Directions => Search the records for the word "noteq" and copy each line in which it appears.
START Input for this task
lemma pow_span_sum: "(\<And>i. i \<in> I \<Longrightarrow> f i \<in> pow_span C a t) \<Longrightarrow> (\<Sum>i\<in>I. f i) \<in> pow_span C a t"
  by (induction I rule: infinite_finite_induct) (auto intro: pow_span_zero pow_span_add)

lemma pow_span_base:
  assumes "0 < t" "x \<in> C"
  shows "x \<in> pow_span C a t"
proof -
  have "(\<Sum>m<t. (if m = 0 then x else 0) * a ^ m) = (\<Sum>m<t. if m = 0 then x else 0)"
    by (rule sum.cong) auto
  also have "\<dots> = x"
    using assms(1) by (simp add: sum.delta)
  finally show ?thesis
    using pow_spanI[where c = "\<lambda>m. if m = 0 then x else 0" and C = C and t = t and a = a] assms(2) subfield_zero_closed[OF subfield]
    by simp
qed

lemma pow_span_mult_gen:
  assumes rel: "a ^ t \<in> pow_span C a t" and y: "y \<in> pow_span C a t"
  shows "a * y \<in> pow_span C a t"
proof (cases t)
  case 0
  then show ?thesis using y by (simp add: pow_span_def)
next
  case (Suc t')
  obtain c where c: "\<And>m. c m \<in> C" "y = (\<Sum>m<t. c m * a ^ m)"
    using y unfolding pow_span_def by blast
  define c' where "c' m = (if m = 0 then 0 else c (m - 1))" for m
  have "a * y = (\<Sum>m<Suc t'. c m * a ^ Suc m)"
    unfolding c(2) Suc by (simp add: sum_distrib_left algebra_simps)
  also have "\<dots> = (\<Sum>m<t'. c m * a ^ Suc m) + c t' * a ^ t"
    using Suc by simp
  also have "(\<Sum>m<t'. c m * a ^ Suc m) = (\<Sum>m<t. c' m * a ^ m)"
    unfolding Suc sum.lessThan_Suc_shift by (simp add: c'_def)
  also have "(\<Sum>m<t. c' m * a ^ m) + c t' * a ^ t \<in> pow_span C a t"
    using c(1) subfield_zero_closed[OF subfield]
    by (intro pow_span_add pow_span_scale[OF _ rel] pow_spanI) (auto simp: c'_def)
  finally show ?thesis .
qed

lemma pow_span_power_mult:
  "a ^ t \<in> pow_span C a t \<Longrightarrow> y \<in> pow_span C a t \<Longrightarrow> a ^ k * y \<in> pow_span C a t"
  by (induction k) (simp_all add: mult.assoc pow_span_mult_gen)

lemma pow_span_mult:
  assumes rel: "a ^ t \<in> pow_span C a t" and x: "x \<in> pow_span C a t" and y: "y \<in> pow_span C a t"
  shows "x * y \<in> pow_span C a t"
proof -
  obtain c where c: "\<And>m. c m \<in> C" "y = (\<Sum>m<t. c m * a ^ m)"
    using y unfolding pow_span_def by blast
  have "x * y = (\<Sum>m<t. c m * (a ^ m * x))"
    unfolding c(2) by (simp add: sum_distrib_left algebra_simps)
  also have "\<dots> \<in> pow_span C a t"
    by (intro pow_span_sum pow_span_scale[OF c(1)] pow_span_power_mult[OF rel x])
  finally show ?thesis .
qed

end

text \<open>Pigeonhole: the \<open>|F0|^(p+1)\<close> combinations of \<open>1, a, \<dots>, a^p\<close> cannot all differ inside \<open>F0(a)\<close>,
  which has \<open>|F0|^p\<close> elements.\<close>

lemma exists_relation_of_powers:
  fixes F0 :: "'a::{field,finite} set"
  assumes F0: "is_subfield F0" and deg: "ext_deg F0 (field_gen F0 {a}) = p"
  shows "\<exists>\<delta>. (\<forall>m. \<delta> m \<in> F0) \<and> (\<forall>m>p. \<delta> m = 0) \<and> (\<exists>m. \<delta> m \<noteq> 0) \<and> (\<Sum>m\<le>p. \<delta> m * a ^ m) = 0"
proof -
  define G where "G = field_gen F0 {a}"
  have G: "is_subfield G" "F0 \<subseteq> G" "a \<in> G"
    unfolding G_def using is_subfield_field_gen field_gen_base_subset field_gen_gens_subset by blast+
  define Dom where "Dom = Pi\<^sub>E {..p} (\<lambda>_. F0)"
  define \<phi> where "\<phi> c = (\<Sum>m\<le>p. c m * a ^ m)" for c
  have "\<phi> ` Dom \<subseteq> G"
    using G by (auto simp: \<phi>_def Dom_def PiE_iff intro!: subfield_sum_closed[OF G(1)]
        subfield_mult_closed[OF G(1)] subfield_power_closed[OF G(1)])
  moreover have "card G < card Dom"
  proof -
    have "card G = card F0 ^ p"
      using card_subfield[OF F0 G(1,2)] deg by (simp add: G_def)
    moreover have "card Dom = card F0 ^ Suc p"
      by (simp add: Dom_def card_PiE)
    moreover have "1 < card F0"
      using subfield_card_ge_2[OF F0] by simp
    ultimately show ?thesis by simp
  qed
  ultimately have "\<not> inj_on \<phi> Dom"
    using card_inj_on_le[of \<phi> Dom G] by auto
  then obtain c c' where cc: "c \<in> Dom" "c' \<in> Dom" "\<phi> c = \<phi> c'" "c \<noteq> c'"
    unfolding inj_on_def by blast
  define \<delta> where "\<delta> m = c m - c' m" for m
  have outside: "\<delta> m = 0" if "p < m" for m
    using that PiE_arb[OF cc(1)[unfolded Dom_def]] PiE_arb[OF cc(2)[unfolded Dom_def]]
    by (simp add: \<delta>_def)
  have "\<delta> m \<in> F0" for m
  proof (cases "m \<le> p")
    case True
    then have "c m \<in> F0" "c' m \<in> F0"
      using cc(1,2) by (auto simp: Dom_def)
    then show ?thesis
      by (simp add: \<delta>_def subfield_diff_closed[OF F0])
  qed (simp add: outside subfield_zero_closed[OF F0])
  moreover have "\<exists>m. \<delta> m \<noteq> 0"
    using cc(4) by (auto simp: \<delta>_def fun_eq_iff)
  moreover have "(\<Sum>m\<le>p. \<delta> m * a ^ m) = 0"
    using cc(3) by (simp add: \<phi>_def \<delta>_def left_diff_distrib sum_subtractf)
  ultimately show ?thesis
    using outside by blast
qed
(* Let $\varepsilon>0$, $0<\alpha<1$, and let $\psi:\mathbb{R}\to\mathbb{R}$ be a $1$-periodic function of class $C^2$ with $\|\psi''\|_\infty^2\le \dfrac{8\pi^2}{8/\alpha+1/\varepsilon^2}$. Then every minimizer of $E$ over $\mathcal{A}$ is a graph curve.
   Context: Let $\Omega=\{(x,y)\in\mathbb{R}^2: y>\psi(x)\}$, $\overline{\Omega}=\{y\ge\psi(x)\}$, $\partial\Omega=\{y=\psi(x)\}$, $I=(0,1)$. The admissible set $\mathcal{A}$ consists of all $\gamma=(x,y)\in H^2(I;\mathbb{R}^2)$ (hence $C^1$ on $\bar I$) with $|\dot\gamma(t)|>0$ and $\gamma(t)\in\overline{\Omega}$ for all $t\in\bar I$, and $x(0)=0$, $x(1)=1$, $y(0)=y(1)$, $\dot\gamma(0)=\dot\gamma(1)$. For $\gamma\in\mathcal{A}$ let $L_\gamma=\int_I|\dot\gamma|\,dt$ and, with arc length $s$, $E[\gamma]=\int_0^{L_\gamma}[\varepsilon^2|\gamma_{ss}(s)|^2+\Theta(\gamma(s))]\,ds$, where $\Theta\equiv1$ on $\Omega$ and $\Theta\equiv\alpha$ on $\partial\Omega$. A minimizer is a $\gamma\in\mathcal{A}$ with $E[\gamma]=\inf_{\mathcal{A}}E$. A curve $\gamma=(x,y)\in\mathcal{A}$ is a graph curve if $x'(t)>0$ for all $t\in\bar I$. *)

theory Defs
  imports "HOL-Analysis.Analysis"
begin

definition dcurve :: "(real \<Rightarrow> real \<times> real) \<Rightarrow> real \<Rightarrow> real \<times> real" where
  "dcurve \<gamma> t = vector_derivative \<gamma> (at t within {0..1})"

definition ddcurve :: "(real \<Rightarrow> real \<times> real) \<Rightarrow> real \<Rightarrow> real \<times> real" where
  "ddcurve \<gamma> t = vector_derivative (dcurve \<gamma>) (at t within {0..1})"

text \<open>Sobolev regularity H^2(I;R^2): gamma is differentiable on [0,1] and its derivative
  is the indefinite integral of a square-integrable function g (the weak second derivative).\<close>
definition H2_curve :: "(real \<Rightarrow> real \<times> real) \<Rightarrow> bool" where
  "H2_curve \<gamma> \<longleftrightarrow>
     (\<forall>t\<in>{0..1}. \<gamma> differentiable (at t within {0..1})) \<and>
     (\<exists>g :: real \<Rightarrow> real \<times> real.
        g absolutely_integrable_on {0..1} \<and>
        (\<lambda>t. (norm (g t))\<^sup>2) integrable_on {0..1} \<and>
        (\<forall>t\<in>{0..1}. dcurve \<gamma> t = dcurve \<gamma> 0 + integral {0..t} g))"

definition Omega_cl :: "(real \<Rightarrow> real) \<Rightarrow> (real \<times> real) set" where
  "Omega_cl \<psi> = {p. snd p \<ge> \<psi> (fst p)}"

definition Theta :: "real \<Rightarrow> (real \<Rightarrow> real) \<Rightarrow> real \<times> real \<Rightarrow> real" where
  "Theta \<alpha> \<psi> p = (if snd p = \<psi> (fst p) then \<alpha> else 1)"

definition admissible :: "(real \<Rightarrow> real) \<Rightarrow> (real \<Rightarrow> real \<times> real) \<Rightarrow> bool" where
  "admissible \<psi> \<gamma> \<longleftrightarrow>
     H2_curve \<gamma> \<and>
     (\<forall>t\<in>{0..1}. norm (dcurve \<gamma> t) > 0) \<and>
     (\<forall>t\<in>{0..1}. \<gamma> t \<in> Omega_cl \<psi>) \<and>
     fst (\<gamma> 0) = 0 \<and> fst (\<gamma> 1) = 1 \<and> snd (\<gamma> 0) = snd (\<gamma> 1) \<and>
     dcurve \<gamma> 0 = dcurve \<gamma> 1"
END Input for this task
Problem solution =>
  shows "\<exists>\<delta>. (\<forall>m. \<delta> m \<in> F0) \<and> (\<forall>m>p. \<delta> m = 0) \<and> (\<exists>m. \<delta> m \<noteq> 0) \<and> (\<Sum>m\<le>p. \<delta> m * a ^ m) = 0"
  then obtain c c' where cc: "c \<in> Dom" "c' \<in> Dom" "\<phi> c = \<phi> c'" "c \<noteq> c'"
  moreover have "\<exists>m. \<delta> m \<noteq> 0"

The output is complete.